lemma (in finite_measure) atomless_exists_subset_measure:
  assumes "atomless M" "C \<in> sets M" "0 \<le> x" "x \<le> measure M C"
  obtains D where "D \<in> sets M" "D \<subseteq> C" "measure M D = x"
proof -
  define fits where "fits D E \<longleftrightarrow> E \<in> sets M \<and> E \<subseteq> C - D \<and> measure M E \<le> x - measure M D" for D E
  define room where "room D = Sup {measure M E | E. fits D E}" for D
  have bdd: "bdd_above {measure M E | E. fits D E}" for D
    by (auto simp: bdd_above_def fits_def intro!: exI[of _ "measure M (space M)"] bounded_measure)
  have room_upper: "measure M E \<le> room D" if "fits D E" for D E
    unfolding room_def using that bdd by (intro cSup_upper) auto
  have greedy_step: "\<exists>E. fits D E \<and> room D / 2 \<le> measure M E" if "measure M D \<le> x" for D
  proof -
    have empty_fits: "fits D {}"
      using that by (simp add: fits_def)
    show ?thesis
    proof (cases "room D = 0")
      case True
      with empty_fits show ?thesis by auto
    next
      case False
      with room_upper[OF empty_fits] have "room D / 2 < room D"
        by simp
      then obtain r where "r \<in> {measure M E | E. fits D E}" "room D / 2 < r"
        unfolding room_def using less_cSup_iff[OF _ bdd] empty_fits by blast
      then show ?thesis by force
    qed
  qed
  have "\<exists>D. \<forall>n. (D n \<in> sets M \<and> D n \<subseteq> C \<and> measure M (D n) \<le> x) \<and>
      D n \<subseteq> D (Suc n) \<and> measure M (D n) + room (D n) / 2 \<le> measure M (D (Suc n))"
  proof (rule dependent_nat_choice)
    show "\<exists>D. D \<in> sets M \<and> D \<subseteq> C \<and> measure M D \<le> x"
      using assms by (intro exI[of _ "{}"]) auto
  next
    fix D n assume D: "D \<in> sets M \<and> D \<subseteq> C \<and> measure M D \<le> x"
    then obtain E where E: "fits D E" "room D / 2 \<le> measure M E"
      using greedy_step by blast
    then have "measure M (D \<union> E) = measure M D + measure M E"
      using D by (intro finite_measure_Union) (auto simp: fits_def)
    with D E show "\<exists>D'. (D' \<in> sets M \<and> D' \<subseteq> C \<and> measure M D' \<le> x) \<and>
        D \<subseteq> D' \<and> measure M D + room D / 2 \<le> measure M D'"
      by (intro exI[of _ "D \<union> E"]) (auto simp: fits_def)
  qed
  then obtain D where D: "\<And>n. D n \<in> sets M \<and> D n \<subseteq> C \<and> measure M (D n) \<le> x"
    and grow: "\<And>n. D n \<subseteq> D (Suc n) \<and> measure M (D n) + room (D n) / 2 \<le> measure M (D (Suc n))"
    by blast
  let ?U = "\<Union>n. D n"
  have U: "?U \<in> sets M" "?U \<subseteq> C"
    using D by auto
  have lim: "(\<lambda>n. measure M (D n)) \<longlonglongrightarrow> measure M ?U"
    using D grow by (intro finite_Lim_measure_incseq incseq_SucI) auto
  have "measure M ?U \<le> x"
    using D by (intro LIMSEQ_le_const2[OF lim]) auto
  moreover have "x \<le> measure M ?U"
  proof (rule ccontr)
    assume short: "\<not> x \<le> measure M ?U"
    have "measure M (C - ?U) = measure M C - measure M ?U"
      using U assms by (intro finite_measure_Diff) auto
    then obtain E where E: "E \<in> sets M" "E \<subseteq> C - ?U" "0 < measure M E" "measure M E < x - measure M ?U"
      using atomless_small_subset[OF \<open>atomless M\<close>, of "C - ?U" "x - measure M ?U"] U assms short
      by auto
    \<comment> \<open>E still fits beside every D n, so each greedy step gains at least half of its measure\<close>
    have "measure M E / 2 \<le> measure M (D (Suc n)) - measure M (D n)" for n
    proof -
      have "measure M (D n) \<le> measure M ?U"
        using U by (intro finite_measure_mono) auto
      then have "fits (D n) E"
        using E by (auto simp: fits_def)
      then show ?thesis
        using room_upper grow[of n] by fastforce
    qed
    moreover have "(\<lambda>n. measure M (D (Suc n)) - measure M (D n)) \<longlonglongrightarrow> 0"
      using tendsto_diff[OF LIMSEQ_Suc[OF lim] lim] by simp
    ultimately have "measure M E / 2 \<le> 0"
      by (intro LIMSEQ_le_const) auto
    with E show False by simp
  qed
  ultimately show thesis
    using U that by auto
qed

lemma (in finite_measure) atomless_incseq_subsets_measure:
  assumes "atomless M" "C \<in> sets M" "incseq s" "\<And>n. 0 \<le> s n" "\<And>n. s n \<le> measure M C"
  obtains D where "incseq D" "\<And>n. D n \<in> sets M" "\<And>n. D n \<subseteq> C" "\<And>n. measure M (D n) = s n"
proof -
  have "\<exists>D. \<forall>n. (D n \<in> sets M \<and> D n \<subseteq> C \<and> measure M (D n) = s n) \<and> D n \<subseteq> D (Suc n)"
  proof (rule dependent_nat_choice)
    show "\<exists>D. D \<in> sets M \<and> D \<subseteq> C \<and> measure M D = s 0"
      using atomless_exists_subset_measure[OF assms(1,2)] assms(4,5) by metis
  next
    fix D n assume D: "D \<in> sets M \<and> D \<subseteq> C \<and> measure M D = s n"
    have "measure M (C - D) = measure M C - s n"
      using D assms(2) by (simp add: finite_measure_Diff)
    moreover have "s n \<le> s (Suc n)"
      using \<open>incseq s\<close> by (simp add: incseq_Suc_iff)
    ultimately obtain E where E: "E \<in> sets M" "E \<subseteq> C - D" "measure M E = s (Suc n) - s n"
      using atomless_exists_subset_measure[OF assms(1), of "C - D" "s (Suc n) - s n"] D assms(2,5)
      by auto
    then have "measure M (D \<union> E) = s (Suc n)"
      using D by (subst finite_measure_Union) auto
    with D E show "\<exists>D'. (D' \<in> sets M \<and> D' \<subseteq> C \<and> measure M D' = s (Suc n)) \<and> D \<subseteq> D'"
      by (intro exI[of _ "D \<union> E"]) auto
  qed
  then show thesis
    using that by (metis incseq_SucI)
qed

lemma countably_additive_vm_empty:
  assumes "countably_additive_vm M m"
  shows "m {} = 0"
proof -
  have "(\<lambda>i. m ((\<lambda>_::nat. {}) i)) sums m (\<Union>i. (\<lambda>_::nat. {}) i)"
    using assms unfolding countably_additive_vm_def by (auto simp: disjoint_family_on_def)
  then have "(\<lambda>_::nat. m {}) sums m {}"
    by simp
  then have "(\<lambda>_::nat. m {}) \<longlonglongrightarrow> 0"
    by (intro summable_LIMSEQ_zero sums_summable)
  then show ?thesis
    by (simp add: LIMSEQ_const_iff)
qed

lemma countably_additive_vm_Un:
  assumes "countably_additive_vm M m" "X \<in> sets M" "Y \<in> sets M" "X \<inter> Y = {}"
  shows "m (X \<union> Y) = m X + m Y"
proof -
  have "range (binaryset X Y) \<subseteq> sets M"
    using assms(2,3) by (simp add: range_binaryset_eq)
  moreover have "disjoint_family (binaryset X Y)"
    using assms(4) by (auto simp: disjoint_family_on_def binaryset_def)
  ultimately have "(\<lambda>i. m (binaryset X Y i)) sums m (\<Union>i. binaryset X Y i)"
    using assms(1) unfolding countably_additive_vm_def by blast
  moreover have "(\<lambda>i. m (binaryset X Y i)) sums (m X + m Y)"
    by (rule binaryset_sums) (rule countably_additive_vm_empty[OF assms(1)])
  ultimately show ?thesis
    by (simp add: UN_binaryset_eq sums_unique2)
qed

lemma countably_additive_vm_incseq:
  assumes "countably_additive_vm M m" "range D \<subseteq> sets M" "incseq D"
  shows "(\<lambda>n. m (D n)) \<longlonglongrightarrow> m (\<Union>n. D n)"
proof -
  have "(\<lambda>i. m (disjointed D i)) sums m (\<Union>n. D n)"
    using assms sets.range_disjointed_sets[OF assms(2)] disjoint_family_disjointed UN_disjointed_eq
    unfolding countably_additive_vm_def by metis
  then have "(\<lambda>n. \<Sum>i<Suc n. m (disjointed D i)) \<longlonglongrightarrow> m (\<Union>n. D n)"
    unfolding sums_def by (rule LIMSEQ_Suc)
  moreover have "(\<Sum>i<Suc n. m (disjointed D i)) = m (D n)" for n
  proof (induction n)
    case (Suc n)
    have step: "disjointed D (Suc n) = D (Suc n) - D n"
      using \<open>incseq D\<close> by (simp add: disjointed_mono incseq_def mono_def)
    have "D (Suc n) = D n \<union> (D (Suc n) - D n)"
      using \<open>incseq D\<close> by (auto simp: incseq_Suc_iff)
    then have "m (D (Suc n)) = m (D n) + m (disjointed D (Suc n))"
      using assms unfolding step by (metis countably_additive_vm_Un Diff_disjoint range_subsetD sets.Diff)
    with Suc show ?case
      by simp
  qed simp
  ultimately show ?thesis
    by simp
qed

locale measure_determined_vm = finite_measure M
  for M :: "'a measure"
    and m :: "'a set \<Rightarrow> ('h::real_normed_vector \<Rightarrow>\<^sub>L 'u::real_normed_vector)"
    and A :: "'a set" +
  assumes atomless: "atomless M"
    and countably_additive: "countably_additive_vm M m"
    and A_sets: "A \<in> sets M"
    and measure_determined: "\<And>X Y. X \<in> sets M \<Longrightarrow> Y \<in> sets M \<Longrightarrow> X \<subseteq> A \<Longrightarrow> Y \<subseteq> A \<Longrightarrow>
      measure M X = measure M Y \<Longrightarrow> m X = m Y"
begin

lemma vm_multiple_of_measure_multiple:
  assumes "D \<in> sets M" "D \<subseteq> A" "D0 \<in> sets M" "D0 \<subseteq> A"
    and "measure M D = real k * measure M D0"
  shows "m D = real k *\<^sub>R m D0"
  using assms(1,2,5)
proof (induction k arbitrary: D)
  case 0
  then have "m D = m {}"
    by (intro measure_determined) auto
  then show ?case
    using countably_additive_vm_empty[OF countably_additive] by simp
next
  case (Suc k)
  have "measure M D0 \<le> measure M D"
    using Suc.prems(3) measure_nonneg[of M D0] by (simp add: algebra_simps)
  then obtain D1 where D1: "D1 \<in> sets M" "D1 \<subseteq> D" "measure M D1 = measure M D0"
    using atomless_exists_subset_measure[OF atomless Suc.prems(1)] measure_nonneg by metis
  have "measure M (D - D1) = real k * measure M D0"
    using D1 Suc.prems by (simp add: finite_measure_Diff algebra_simps)
  then have "m (D - D1) = real k *\<^sub>R m D0"
    using D1 Suc.prems(1,2) by (intro Suc.IH) auto
  moreover have "m D1 = m D0"
    using D1 Suc.prems(2) assms(3,4) by (intro measure_determined) auto
  moreover have "m D = m D1 + m (D - D1)"
    using countably_additive_vm_Un[OF countably_additive, of D1 "D - D1"] D1 Suc.prems
    by (simp add: Un_absorb1)
  ultimately show ?case
    by (simp add: algebra_simps)
qed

+ + + +

* _YOUR INSTRUCTIONS_
In the listing above, find the line containing "using that by (metis incseq_SucI)" and the line containing "using assms(1) unfolding", then retype both and every line between them exactly, with nothing else.

* _SOLUTION FOR THIS PROBLEM_
    using that by (metis incseq_SucI)
qed

lemma countably_additive_vm_empty:
  assumes "countably_additive_vm M m"
  shows "m {} = 0"
proof -
  have "(\<lambda>i. m ((\<lambda>_::nat. {}) i)) sums m (\<Union>i. (\<lambda>_::nat. {}) i)"
    using assms unfolding countably_additive_vm_def by (auto simp: disjoint_family_on_def)
  then have "(\<lambda>_::nat. m {}) sums m {}"
    by simp
  then have "(\<lambda>_::nat. m {}) \<longlonglongrightarrow> 0"
    by (intro summable_LIMSEQ_zero sums_summable)
  then show ?thesis
    by (simp add: LIMSEQ_const_iff)
qed

lemma countably_additive_vm_Un:
  assumes "countably_additive_vm M m" "X \<in> sets M" "Y \<in> sets M" "X \<inter> Y = {}"
  shows "m (X \<union> Y) = m X + m Y"
proof -
  have "range (binaryset X Y) \<subseteq> sets M"
    using assms(2,3) by (simp add: range_binaryset_eq)
  moreover have "disjoint_family (binaryset X Y)"
    using assms(4) by (auto simp: disjoint_family_on_def binaryset_def)
  ultimately have "(\<lambda>i. m (binaryset X Y i)) sums m (\<Union>i. binaryset X Y i)"
    using assms(1) unfolding countably_additive_vm_def by blast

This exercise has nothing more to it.